TASK PROMPT: Produce as output only the lines below starting at the line with "(first sigma, then" and continuing through the line with "1 .. Apart a", each one exactly as written.
------ TASK MATERIAL ------
(* Let $a_1,\ldots,a_k\in[n]$, $N=a_1+\cdots+a_k$, let $j\in[\max(a_1,\ldots,a_k),\min(N,n)]$ and let $t$ be any term of $B_j$. Let $D_{j,t}$ be the set of $k$-tuples $(\sigma_1,\ldots,\sigma_k)$, with $\sigma_i$ a term of $B_{a_i}$, such that the set of cards hit by the tuple is exactly $\{1,\ldots,j\}$ and $\sigma_1\sigma_2\cdots\sigma_k=t$ in $S_n$. Define $\phi_j(\sigma_1,\ldots,\sigma_k)=\{\alpha_1,\ldots,\alpha_j\}$ where $\alpha_c=\{l\in[N]:\text{the $l$-th hitter hits card } c\}$. Then $\phi_j$ is a well-defined bijection from $D_{j,t}$ onto $Q_j^{a_1,\ldots,a_k}$.
   Context: Elements of $S_n$ are written in deck notation: a word $c_1c_2\cdots c_n$ (a rearrangement of $1,\ldots,n$) is the deck in which card $c_i$ lies in position $i$; the identity is $12\cdots n$. Multiplication: for $\sigma=c_1\cdots c_n$ and $\tau=d_1\cdots d_n$, $\sigma\tau=c_{d_1}c_{d_2}\cdots c_{d_n}$ (first $\sigma$, then $\tau$ is applied to the deck). For $a\in[n]$, a term of $B_a$ is a word $c_1\cdots c_n\in S_n$ in which the letters $a+1,\ldots,n$ appear in increasing order; $B_a\in\mathbb{Q}[S_n]$ is the sum of all terms of $B_a$. Let $A_i=a_1+\cdots+a_i$ ($A_0=0$) and $I_i=\{A_{i-1}+1,\ldots,A_i\}$. Hitting: given a tuple $(\sigma_1,\ldots,\sigma_k)$ with $\sigma_i$ a term of $B_{a_i}$, let $d^{(0)}=12\cdots n$ and $d^{(i)}=\sigma_1\cdots\sigma_i$ (the deck after $i$ shuffles). For $l=A_{i-1}+m$ with $1\le m\le a_i$, the $l$-th hitter hits the card lying in position $m$ of $d^{(i-1)}$. The cards hit by the tuple are those hit by some hitter. $Q_j^{a_1,\ldots,a_k}$ is the set of all partitions of $[N]$ into exactly $j$ nonempty blocks such that no block contains two distinct elements of the same segment $I_i$. *)

theory Defs
  imports "HOL-Combinatorics.Permutations" "HOL-Library.Disjoint_Sets"
begin

(* Decks in S_n are functions sigma :: nat => nat with "sigma permutes {1..n}";
   sigma p is the card lying in position p.  Deck multiplication sigma*tau
   (first sigma, then tau) is function composition sigma o tau. *)

definition termB :: "nat \<Rightarrow> nat \<Rightarrow> (nat \<Rightarrow> nat) \<Rightarrow> bool" where
  "termB n a \<sigma> \<longleftrightarrow> \<sigma> permutes {1..n} \<and>
     (\<forall>p\<in>{1..n}. \<forall>q\<in>{1..n}. p < q \<and> a < \<sigma> p \<and> a < \<sigma> q \<longrightarrow> \<sigma> p < \<sigma> q)"

definition Apart :: "(nat \<Rightarrow> nat) \<Rightarrow> nat \<Rightarrow> nat" where
  "Apart a i = (\<Sum>r\<in>{1..i}. a r)"

definition seg :: "(nat \<Rightarrow> nat) \<Rightarrow> nat \<Rightarrow> nat set" where
  "seg a i = {Apart a (i - 1) + 1 .. Apart a i}"

fun deck :: "(nat \<Rightarrow> (nat \<Rightarrow> nat)) \<Rightarrow> nat \<Rightarrow> (nat \<Rightarrow> nat)" where
  "deck sig 0 = id"
| "deck sig (Suc i) = deck sig i \<circ> sig (Suc i)"

definition hits :: "nat \<Rightarrow> (nat \<Rightarrow> nat) \<Rightarrow> (nat \<Rightarrow> (nat \<Rightarrow> nat)) \<Rightarrow> nat \<Rightarrow> nat \<Rightarrow> bool" where
  "hits k a sig l c \<longleftrightarrow>
     (\<exists>i\<in>{1..k}. \<exists>m\<in>{1..a i}. l = Apart a (i - 1) + m \<and> deck sig (i - 1) m = c)"

definition cards_hit :: "nat \<Rightarrow> (nat \<Rightarrow> nat) \<Rightarrow> (nat \<Rightarrow> (nat \<Rightarrow> nat)) \<Rightarrow> nat set" where
  "cards_hit k a sig = {c. \<exists>l\<in>{1..Apart a k}. hits k a sig l c}"

(* D_{j,t}: tuples (sigma_1,...,sigma_k), represented as functions on {1..k}
   (identity outside {1..k}) *)
definition Dset :: "nat \<Rightarrow> nat \<Rightarrow> (nat \<Rightarrow> nat) \<Rightarrow> nat \<Rightarrow> (nat \<Rightarrow> nat) \<Rightarrow> (nat \<Rightarrow> (nat \<Rightarrow> nat)) set" where
  "Dset n k a j t = {sig. (\<forall>i\<in>{1..k}. termB n (a i) (sig i)) \<and>
                          (\<forall>i. i \<notin> {1..k} \<longrightarrow> sig i = id) \<and>
                          cards_hit k a sig = {1..j} \<and>
                          deck sig k = t}"

definition phi :: "nat \<Rightarrow> (nat \<Rightarrow> nat) \<Rightarrow> nat \<Rightarrow> (nat \<Rightarrow> (nat \<Rightarrow> nat)) \<Rightarrow> nat set set" where
  "phi k a j sig = (\<lambda>c. {l\<in>{1..Apart a k}. hits k a sig l c}) ` {1..j}"

definition Qset :: "nat \<Rightarrow> (nat \<Rightarrow> nat) \<Rightarrow> nat \<Rightarrow> nat set set set" where
  "Qset k a j = {P. partition_on {1..Apart a k} P \<and> card P = j \<and>
                    (\<forall>B\<in>P. \<forall>i\<in>{1..k}. \<forall>x\<in>B. \<forall>y\<in>B. x \<in> seg a i \<and> y \<in> seg a i \<longrightarrow> x = y)}"

end

theory Submission
  imports Defs
begin

text \<open>
  For a relation \<open>R l c\<close> (hitter \<open>l\<close> hits card \<open>c\<close>) and a threshold \<open>A\<close>, the key of a
  card is the first hitter after \<open>A\<close> that hits it, or \<open>N\<close> plus its position in the final
  deck \<open>t\<close> if there is none. After \<open>i\<close> shuffles the cards lie in the order of their keys
  at threshold \<open>A\<^sub>i\<close>: going back from the \<open>i\<close>-th deck to the previous one, the top \<open>a\<^sub>i\<close>
  cards of the earlier deck are exactly the cards hit by the hitters of \<open>I\<^sub>i\<close>, in that
  order, while a term of \<open>B\<^bsub>a\<^sub>i\<^esub>\<close> keeps all other cards in their relative order. Hence
  a tuple is determined by its hitting relation. As the initial deck is the identity,
  the first hits of the cards \<open>1, \<dots>, j\<close> occur in increasing order, so card \<open>c\<close> is
  recovered from \<open>\<phi>\<^sub>j\<close> as the label of the block with the \<open>c\<close>-th smallest minimum, and
  \<open>\<phi>\<^sub>j\<close> is injective. Conversely, labelling the blocks of a partition in \<open>Q\<^sub>j\<close> in this
  way defines a hitting relation, and the decks that order the cards by its keys form
  a tuple in \<open>D\<^sub>j\<^sub>,\<^sub>t\<close> with that relation, which \<open>\<phi>\<^sub>j\<close> maps to the given partition.
\<close>

section \<open>Ranks\<close>

definition rank :: "'a::linorder set \<Rightarrow> 'a \<Rightarrow> nat" where
  "rank S x = card {y\<in>S. y \<le> x}"

lemma rank_less_iff:
  fixes S :: "'a::linorder set"
  assumes "finite S" "x \<in> S" "y \<in> S"
  shows "rank S x < rank S y \<longleftrightarrow> x < y"
proof
  assume "x < y"
  then have "y \<in> {z\<in>S. z \<le> y} - {z\<in>S. z \<le> x}" using assms(3) by auto
  then have "{z\<in>S. z \<le> x} \<subset> {z\<in>S. z \<le> y}" using \<open>x < y\<close> by auto
  then show "rank S x < rank S y" unfolding rank_def using assms(1) by (intro psubset_card_mono) auto
next
  assume "rank S x < rank S y"
  then have "\<not> {z\<in>S. z \<le> y} \<subseteq> {z\<in>S. z \<le> x}"
    unfolding rank_def using assms(1) by (metis (no_types, lifting) card_mono finite_subset leD mem_Collect_eq subsetI)
  then show "x < y" by auto
qed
------
EXERCISE SOLUTION:
   (first sigma, then tau) is function composition sigma o tau. *)

definition termB :: "nat \<Rightarrow> nat \<Rightarrow> (nat \<Rightarrow> nat) \<Rightarrow> bool" where
  "termB n a \<sigma> \<longleftrightarrow> \<sigma> permutes {1..n} \<and>
     (\<forall>p\<in>{1..n}. \<forall>q\<in>{1..n}. p < q \<and> a < \<sigma> p \<and> a < \<sigma> q \<longrightarrow> \<sigma> p < \<sigma> q)"

definition Apart :: "(nat \<Rightarrow> nat) \<Rightarrow> nat \<Rightarrow> nat" where
  "Apart a i = (\<Sum>r\<in>{1..i}. a r)"

definition seg :: "(nat \<Rightarrow> nat) \<Rightarrow> nat \<Rightarrow> nat set" where
  "seg a i = {Apart a (i - 1) + 1 .. Apart a i}"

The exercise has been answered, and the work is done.